Banana was quickly followed by another non-fiction book, The Old Speak Out (1979), published by Horizon Press, which was an account of aging in America. As one reviewer wrote, "This extraordinary confrontation between one gutsy woman and a lot of other people amounts to so much more than a series of interviews. Because of Bonnie Bluh we can reach into places most of us don’t attempt in person, risking little and finding a hundred new friends."

Through the 1970s, she wrote everything from articles about feminism to movie reviews for various weeklies including The Soho News and N.Y. Women's Weekly. She was also a guest on various radio and TV shows and conducted writing seminars in New York City, as well as Stockholm, Moscow and Tel Aviv.

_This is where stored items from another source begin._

lemma gk_cong: "(\<And>i. i \<in> {1..nvars k} \<Longrightarrow> i \<in> S \<longleftrightarrow> i \<in> S') \<Longrightarrow> gk k S = gk k S'"
proof (induction k arbitrary: S S')
  case 0
  then show ?case by (simp add: nvars_def xv_def)
next
  case (Suc k)
  have x: "xv S i = xv S' i" if "i \<in> {1..nvars k + 4}" for i
    using Suc.prems that by (auto simp: xv_def nvars_Suc)
  have "gk k S = gk k S'" using Suc.prems by (intro Suc.IH) (auto simp: nvars_Suc)
  moreover have "(\<Sum>i=1..nvars k. (2 * spread k + int i + 2) * xv S i * xv S (nvars k + 2))
      = (\<Sum>i=1..nvars k. (2 * spread k + int i + 2) * xv S' i * xv S' (nvars k + 2))"
    by (intro sum.cong refl) (simp add: x)
  ultimately show ?case using x[of "nvars k + 1"] x[of "nvars k + 2"] x[of "nvars k + 3"] x[of "nvars k + 4"]
    by (simp add: Let_def nvars_def spread_def)
qed

lemma gk_Suc_unfold: "gk (Suc k) S = 4 * gk k S + 3 * xv S (nvars k + 1)
     - (\<Sum>i=1..nvars k. (2 * spread k + int i + 2) * xv S i * xv S (nvars k + 2))
     + 3 * spread k * int (nvars k) * xv S (nvars k + 1) * xv S (nvars k + 2)
     + 2 * xv S (nvars k + 3) + spread k * xv S (nvars k + 1) * xv S (nvars k + 3)
     - 4 * spread k * int (nvars k) * xv S (nvars k + 2) * xv S (nvars k + 4)
     + 5 * spread k * int (nvars k) * xv S (nvars k + 3) * xv S (nvars k + 4)"
  unfolding gk.simps Let_def nvars_def spread_def ..

declare gk.simps [simp del]

lemma gk_union_ext_bits: "gk k (U \<union> ext_bits (nvars k) b1 b2 b3 b4) = gk k U"
  by (rule gk_cong) (auto simp: ext_bits_def)

lemma sum_mult_xv: "U \<subseteq> {1..n} \<Longrightarrow> (\<Sum>i=1..n. a i * xv U i) = (\<Sum>i\<in>U. a i)"
  by (simp add: xv_def sum.inter_restrict[symmetric] Int_absorb1 if_distrib cong: if_cong)

lemma gk_Suc_ext_bits:
  assumes U: "U \<subseteq> {1..nvars k}"
  shows "gk (Suc k) (U \<union> ext_bits (nvars k) b1 b2 b3 b4) =
    4 * gk k U + 3 * of_bool b1 - of_bool b2 * penalty k U
    + 3 * (spread k * int (nvars k)) * of_bool b1 * of_bool b2
    + 2 * of_bool b3 + spread k * of_bool b1 * of_bool b3
    - 4 * (spread k * int (nvars k)) * of_bool b2 * of_bool b4
    + 5 * (spread k * int (nvars k)) * of_bool b3 * of_bool b4"
proof -
  let ?S = "U \<union> ext_bits (nvars k) b1 b2 b3 b4"
  have top: "xv ?S (nvars k + 1) = of_bool b1" "xv ?S (nvars k + 2) = of_bool b2"
    "xv ?S (nvars k + 3) = of_bool b3" "xv ?S (nvars k + 4) = of_bool b4"
    using U by (auto simp: xv_def ext_bits_def)
  have low: "xv ?S i = xv U i" if "i \<in> {1..nvars k}" for i
    using that by (auto simp: xv_def ext_bits_def)
  have "(\<Sum>i=1..nvars k. (2 * spread k + int i + 2) * xv ?S i * xv ?S (nvars k + 2))
      = (\<Sum>i=1..nvars k. (2 * spread k + int i + 2) * xv U i) * of_bool b2"
    unfolding sum_distrib_right by (intro sum.cong refl) (simp only: low top)
  also have "\<dots> = of_bool b2 * penalty k U"
    using sum_mult_xv[OF U] by (simp add: penalty_def)
  finally show ?thesis
    unfolding gk_Suc_unfold top gk_union_ext_bits by (simp only: mult.assoc)
qed

lemma ext_bits_inter_low: "ext_bits n b1 b2 b3 b4 \<inter> {1..n} = {}"
  by (auto simp: ext_bits_def)

lemma ext_bits_False: "ext_bits n False False False False = {}"
  by (auto simp: ext_bits_def)

lemma flip_ext_bits_low:
  "j \<in> {1..n} \<Longrightarrow> flip j (U \<union> ext_bits n b1 b2 b3 b4) = flip j U \<union> ext_bits n b1 b2 b3 b4"
  by (auto simp: flip_def ext_bits_def)

text \<open>The coordinates n + 1 and n + 2 are written Suc n and Suc (Suc n), their simp normal
  forms, so that these rules still apply after simplification.\<close>

lemma flip_ext_bits:
  assumes "U \<subseteq> {1..n}"
  shows "flip (Suc n) (U \<union> ext_bits n b1 b2 b3 b4) = U \<union> ext_bits n (\<not> b1) b2 b3 b4"
    and "flip (Suc (Suc n)) (U \<union> ext_bits n b1 b2 b3 b4) = U \<union> ext_bits n b1 (\<not> b2) b3 b4"
    and "flip (n + 3) (U \<union> ext_bits n b1 b2 b3 b4) = U \<union> ext_bits n b1 b2 (\<not> b3) b4"
    and "flip (n + 4) (U \<union> ext_bits n b1 b2 b3 b4) = U \<union> ext_bits n b1 b2 b3 (\<not> b4)"
  using assms by (auto simp: flip_def ext_bits_def)

lemma mem_ext_bits:
  "j \<in> ext_bits n b1 b2 b3 b4 \<longleftrightarrow>
    (b1 \<and> j = Suc n) \<or> (b2 \<and> j = Suc (Suc n)) \<or> (b3 \<and> j = n + 3) \<or> (b4 \<and> j = n + 4)"
  by (auto simp: ext_bits_def)

lemma ball_ext_bits:
  "(\<forall>j \<in> U \<union> ext_bits n b1 b2 b3 b4. P j) \<longleftrightarrow>
    (\<forall>j\<in>U. P j) \<and> (b1 \<longrightarrow> P (Suc n)) \<and> (b2 \<longrightarrow> P (Suc (Suc n))) \<and>
    (b3 \<longrightarrow> P (n + 3)) \<and> (b4 \<longrightarrow> P (n + 4))"
  by (auto simp: ext_bits_def)

lemma diff_ext_bits_low:
  "j \<in> {1..n} \<Longrightarrow> U \<union> ext_bits n b1 b2 b3 b4 - {j} = (U - {j}) \<union> ext_bits n b1 b2 b3 b4"
  by (auto simp: ext_bits_def)

lemma diff_ext_bits:
  assumes "U \<subseteq> {1..n}"
  shows "U \<union> ext_bits n b1 b2 b3 b4 - {Suc n} = U \<union> ext_bits n False b2 b3 b4"
    and "U \<union> ext_bits n b1 b2 b3 b4 - {Suc (Suc n)} = U \<union> ext_bits n b1 False b3 b4"
    and "U \<union> ext_bits n b1 b2 b3 b4 - {n + 3} = U \<union> ext_bits n b1 b2 False b4"
    and "U \<union> ext_bits n b1 b2 b3 b4 - {n + 4} = U \<union> ext_bits n b1 b2 b3 False"
  using assms by (auto simp: ext_bits_def)

lemma coord_cases:
  "j \<in> {1..(n::nat) + 4} \<Longrightarrow> j \<in> {1..n} \<or> j = n + 1 \<or> j = n + 2 \<or> j = n + 3 \<or> j = n + 4"
  by auto

lemma ball_coord_cases:
  "(\<forall>j\<in>{1..(n::nat) + 4}. P j) \<longleftrightarrow>
    (\<forall>j\<in>{1..n}. P j) \<and> P (Suc n) \<and> P (Suc (Suc n)) \<and> P (n + 3) \<and> P (n + 4)"
proof -
  have "{1..n + 4} = {1..n} \<union> {Suc n, Suc (Suc n), n + 3, n + 4}" by auto
  then show ?thesis by auto
qed

lemma new_coord_cases: "j \<in> {(n::nat)<..n + 4} \<Longrightarrow> j = n + 1 \<or> j = n + 2 \<or> j = n + 3 \<or> j = n + 4"
  by auto

lemma ext_bits_cases:
  assumes "S \<subseteq> {1..n + 4}"
  obtains U b1 b2 b3 b4 where "U \<subseteq> {1..n}" "S = U \<union> ext_bits n b1 b2 b3 b4"
proof
  show "S \<inter> {1..n} \<subseteq> {1..n}" by blast
  let ?E = "ext_bits n (Suc n \<in> S) (Suc (Suc n) \<in> S) (n + 3 \<in> S) (n + 4 \<in> S)"
  show "S = (S \<inter> {1..n}) \<union> ?E"
  proof (rule set_eqI)
    fix x
    have "x \<in> S \<Longrightarrow> x \<in> {1..n} \<or> x = Suc n \<or> x = Suc (Suc n) \<or> x = n + 3 \<or> x = n + 4"
      using assms coord_cases by auto
    then show "x \<in> S \<longleftrightarrow> x \<in> (S \<inter> {1..n}) \<union> ?E"
      by (auto simp: ext_bits_def)
  qed
qed

lemma mem_union_ext_bits:
  assumes "U \<subseteq> {1..n}"
  shows "Suc n \<in> U \<union> ext_bits n b1 b2 b3 b4 \<longleftrightarrow> b1"
    and "Suc (Suc n) \<in> U \<union> ext_bits n b1 b2 b3 b4 \<longleftrightarrow> b2"
    and "n + 3 \<in> U \<union> ext_bits n b1 b2 b3 b4 \<longleftrightarrow> b3"
    and "n + 4 \<in> U \<union> ext_bits n b1 b2 b3 b4 \<longleftrightarrow> b4"
  using assms by (auto simp: ext_bits_def)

In 1985, Bluh had moved to the Westbeth Artists Community in the West Village. In a building filled with artists of all stripes she was known as one of the more outgoing, colorful characters.

After a string of agents had trouble finding a publisher for her next novels, Bluh picked what she considered the most popular of the lot and once again chose the self-publishing route. The Eleanor Roosevelt Girls (1998), a saga of female friendship and betrayal, follows six Sunnyside, Queens girls from 1942 to 92. It was perhaps less incendiary than her earlier work, or perhaps the times had just changed.

In the first years of the 21st century, Bluh, who never gave up her love of theater, edited, along with the New Dramatists Alumni Committee, "Broadway's Fabulous Fifties" (2002).

Bluh had finished her untitled memoir just before her death. It is a book about the approach of death; her death. It was a comical late-in-life Bildungsroman including versions of her own obituary.

==Bibliography==

- Woman To Woman (Starogubski Press, 1974, ISBN 978-0-9603234-0-1)

In 1971 she traveled to Europe intending to finish her novel Banana. She was invited to the Irish Parliament, which sent her in search of Irish feminists. After meeting them she continued her search in England, France, the Netherlands, Italy, and Spain. Bluh was "the first American feminist to meet with women in Ireland, Italy, and Spain and was on the first abortion march held in Rome in 1971." She was forced to go underground with the Spanish feminists. The result of this year in Europe led to the book Woman to Woman, which has been used in over fifty woman's studies programs.

In her review in Majority Report Kit Kennedy wrote, "Rarely has the print media lent itself to such a high level of consciousness raising... Woman to Woman, a seemingly quiet book, may be the first book on honest politics." Karen Lindsey in the Boston Herald American wrote, "By its warm, personal and probing nature, Woman to Woman does much to reaffirm the existence of an international sisterhood of women."

- Banana (Macmillan, 1976, ISBN 0-595-14229-X)

Bluh's first novel, Banana, was well received and was reissued in 2000 by iUniverse under the auspices of the Authors Guild. The novel relates the story of Joanna, a woman who could have done anything, but married Jay, became a homemaker, and in her mid-forties realized she wanted something more. A critic for Publishers Weekly wrote, "You bleed for Joanna, but most of all you believe in her. This is a novel with a raised consciousness, a mature, intelligent novel of real talent and excitement Doubting Thomases have claimed the feminist movement has yet to produce. Bonnie Bluh, herself an actress-playwright-singer-dancer, has done it." Lynda Schor added in Ms. Magazine that "What makes Banana exceptional and fascinating is its inventiveness, its verve, originality, its sometimes sheer madness, its rage. Preposterousness and eccentricity woven into the mundane. The result is as colorful and variegated as a Peruvian scarf... the most scintillating dialogue I've come across in a long time." In her review in the San Francisco Chronicle Elizabeth Pomada added that the novel's "high velocity monologue is raucous, dirty-truthful, and chortlingly funny." Budicki for the Voice News wrote, "A 'torrent of consciousness' sweeping before it all the modern jargon and confused issues of today... includes a cast of sixteen people. This reviewer groaned when she saw them listed on the jacket, but couldn't lay the book down after starting, having practically to prop her eyes open with fingers, to finish reading at three a.m."